**Exercise:** Could you filter the records below and return each line that holds "intro"?

**Record extracts:**
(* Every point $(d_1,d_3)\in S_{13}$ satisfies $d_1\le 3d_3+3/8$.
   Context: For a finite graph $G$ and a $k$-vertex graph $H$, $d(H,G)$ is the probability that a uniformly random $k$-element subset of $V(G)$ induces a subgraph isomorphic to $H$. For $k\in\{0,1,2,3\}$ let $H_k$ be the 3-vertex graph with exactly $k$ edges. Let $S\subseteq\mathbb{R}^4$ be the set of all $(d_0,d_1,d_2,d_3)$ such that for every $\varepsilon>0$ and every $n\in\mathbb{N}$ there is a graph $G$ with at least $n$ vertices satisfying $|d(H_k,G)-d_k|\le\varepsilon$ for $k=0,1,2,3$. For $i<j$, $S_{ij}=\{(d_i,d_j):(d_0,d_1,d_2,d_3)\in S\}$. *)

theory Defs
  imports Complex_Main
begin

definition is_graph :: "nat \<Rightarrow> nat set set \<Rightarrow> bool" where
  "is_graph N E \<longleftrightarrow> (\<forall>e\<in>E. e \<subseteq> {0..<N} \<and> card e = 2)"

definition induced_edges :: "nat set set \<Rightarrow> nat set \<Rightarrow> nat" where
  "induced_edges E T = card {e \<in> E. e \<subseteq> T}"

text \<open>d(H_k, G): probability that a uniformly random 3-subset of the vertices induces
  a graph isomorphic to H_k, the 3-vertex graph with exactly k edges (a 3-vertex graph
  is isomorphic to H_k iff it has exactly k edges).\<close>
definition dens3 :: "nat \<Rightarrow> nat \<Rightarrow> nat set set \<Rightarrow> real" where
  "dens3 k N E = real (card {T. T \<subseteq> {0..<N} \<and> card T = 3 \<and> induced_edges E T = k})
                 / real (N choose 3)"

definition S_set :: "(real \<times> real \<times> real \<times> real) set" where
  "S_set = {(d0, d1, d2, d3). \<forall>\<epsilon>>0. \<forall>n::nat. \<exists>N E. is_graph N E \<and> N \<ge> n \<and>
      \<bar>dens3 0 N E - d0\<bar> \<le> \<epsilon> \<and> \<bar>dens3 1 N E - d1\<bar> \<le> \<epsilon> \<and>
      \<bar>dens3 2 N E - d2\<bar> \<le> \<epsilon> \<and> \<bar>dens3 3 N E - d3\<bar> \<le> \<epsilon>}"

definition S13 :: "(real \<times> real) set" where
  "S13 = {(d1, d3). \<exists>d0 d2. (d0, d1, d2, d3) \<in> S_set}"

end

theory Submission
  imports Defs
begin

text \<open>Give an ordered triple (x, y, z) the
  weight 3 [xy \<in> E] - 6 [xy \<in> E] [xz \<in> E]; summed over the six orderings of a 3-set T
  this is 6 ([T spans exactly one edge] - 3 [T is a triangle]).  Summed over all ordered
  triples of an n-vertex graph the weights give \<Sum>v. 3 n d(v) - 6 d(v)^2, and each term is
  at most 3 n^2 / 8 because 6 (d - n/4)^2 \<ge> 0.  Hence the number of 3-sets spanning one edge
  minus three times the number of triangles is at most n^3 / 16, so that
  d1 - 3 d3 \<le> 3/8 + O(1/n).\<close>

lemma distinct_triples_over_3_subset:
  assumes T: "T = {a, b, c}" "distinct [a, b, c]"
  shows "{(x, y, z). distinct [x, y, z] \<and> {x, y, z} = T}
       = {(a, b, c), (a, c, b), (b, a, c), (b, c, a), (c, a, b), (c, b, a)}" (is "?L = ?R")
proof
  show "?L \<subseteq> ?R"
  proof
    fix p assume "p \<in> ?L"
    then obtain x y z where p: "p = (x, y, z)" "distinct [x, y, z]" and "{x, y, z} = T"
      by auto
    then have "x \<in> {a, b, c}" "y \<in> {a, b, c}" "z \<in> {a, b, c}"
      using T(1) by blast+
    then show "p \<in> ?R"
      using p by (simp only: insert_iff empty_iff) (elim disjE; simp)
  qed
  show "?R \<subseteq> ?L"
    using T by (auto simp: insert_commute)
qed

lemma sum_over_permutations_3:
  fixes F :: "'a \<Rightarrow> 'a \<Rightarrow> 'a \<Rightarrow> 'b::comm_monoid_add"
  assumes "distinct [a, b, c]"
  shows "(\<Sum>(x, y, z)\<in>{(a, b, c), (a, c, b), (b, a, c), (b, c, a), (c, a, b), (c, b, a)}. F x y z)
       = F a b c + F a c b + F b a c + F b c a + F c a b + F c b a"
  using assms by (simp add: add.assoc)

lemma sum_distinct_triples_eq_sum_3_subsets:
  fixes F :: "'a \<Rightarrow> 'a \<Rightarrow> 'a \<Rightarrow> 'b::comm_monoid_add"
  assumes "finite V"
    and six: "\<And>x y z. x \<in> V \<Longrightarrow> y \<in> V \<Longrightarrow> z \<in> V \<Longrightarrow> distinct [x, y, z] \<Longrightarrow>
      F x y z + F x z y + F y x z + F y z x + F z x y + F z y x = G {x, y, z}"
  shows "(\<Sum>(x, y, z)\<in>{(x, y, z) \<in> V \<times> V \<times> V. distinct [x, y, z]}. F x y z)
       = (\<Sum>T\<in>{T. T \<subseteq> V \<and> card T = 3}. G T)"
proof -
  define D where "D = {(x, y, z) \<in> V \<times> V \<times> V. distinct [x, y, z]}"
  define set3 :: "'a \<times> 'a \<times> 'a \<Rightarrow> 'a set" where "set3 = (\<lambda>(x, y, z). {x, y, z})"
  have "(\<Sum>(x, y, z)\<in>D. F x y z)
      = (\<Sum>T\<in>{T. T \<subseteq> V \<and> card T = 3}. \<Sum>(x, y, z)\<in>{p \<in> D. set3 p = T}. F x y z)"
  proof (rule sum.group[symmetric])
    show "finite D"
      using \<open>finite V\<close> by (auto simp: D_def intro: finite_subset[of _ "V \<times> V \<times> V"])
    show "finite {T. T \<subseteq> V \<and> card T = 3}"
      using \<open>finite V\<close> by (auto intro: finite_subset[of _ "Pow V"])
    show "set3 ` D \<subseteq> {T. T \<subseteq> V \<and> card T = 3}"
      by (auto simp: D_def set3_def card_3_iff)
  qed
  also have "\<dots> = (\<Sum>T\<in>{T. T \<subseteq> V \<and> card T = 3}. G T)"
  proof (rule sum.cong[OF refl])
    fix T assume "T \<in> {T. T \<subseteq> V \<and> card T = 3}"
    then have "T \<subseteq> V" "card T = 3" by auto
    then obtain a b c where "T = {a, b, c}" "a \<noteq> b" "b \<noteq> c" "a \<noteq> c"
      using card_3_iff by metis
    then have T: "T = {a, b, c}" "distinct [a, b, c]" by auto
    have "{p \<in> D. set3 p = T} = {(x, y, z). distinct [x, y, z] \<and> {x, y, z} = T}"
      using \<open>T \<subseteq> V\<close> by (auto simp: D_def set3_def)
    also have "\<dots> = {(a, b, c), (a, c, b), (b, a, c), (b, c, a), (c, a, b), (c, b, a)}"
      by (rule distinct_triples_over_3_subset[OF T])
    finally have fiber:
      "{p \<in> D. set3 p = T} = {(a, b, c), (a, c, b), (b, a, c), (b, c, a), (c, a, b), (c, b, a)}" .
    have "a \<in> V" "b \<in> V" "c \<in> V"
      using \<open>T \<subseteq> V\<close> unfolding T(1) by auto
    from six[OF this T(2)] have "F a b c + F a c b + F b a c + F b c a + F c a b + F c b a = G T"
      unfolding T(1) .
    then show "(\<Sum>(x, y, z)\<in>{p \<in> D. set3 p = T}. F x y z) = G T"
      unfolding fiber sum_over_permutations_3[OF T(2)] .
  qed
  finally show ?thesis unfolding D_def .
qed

**Answer box:**
      using \<open>finite V\<close> by (auto simp: D_def intro: finite_subset[of _ "V \<times> V \<times> V"])
      using \<open>finite V\<close> by (auto intro: finite_subset[of _ "Pow V"])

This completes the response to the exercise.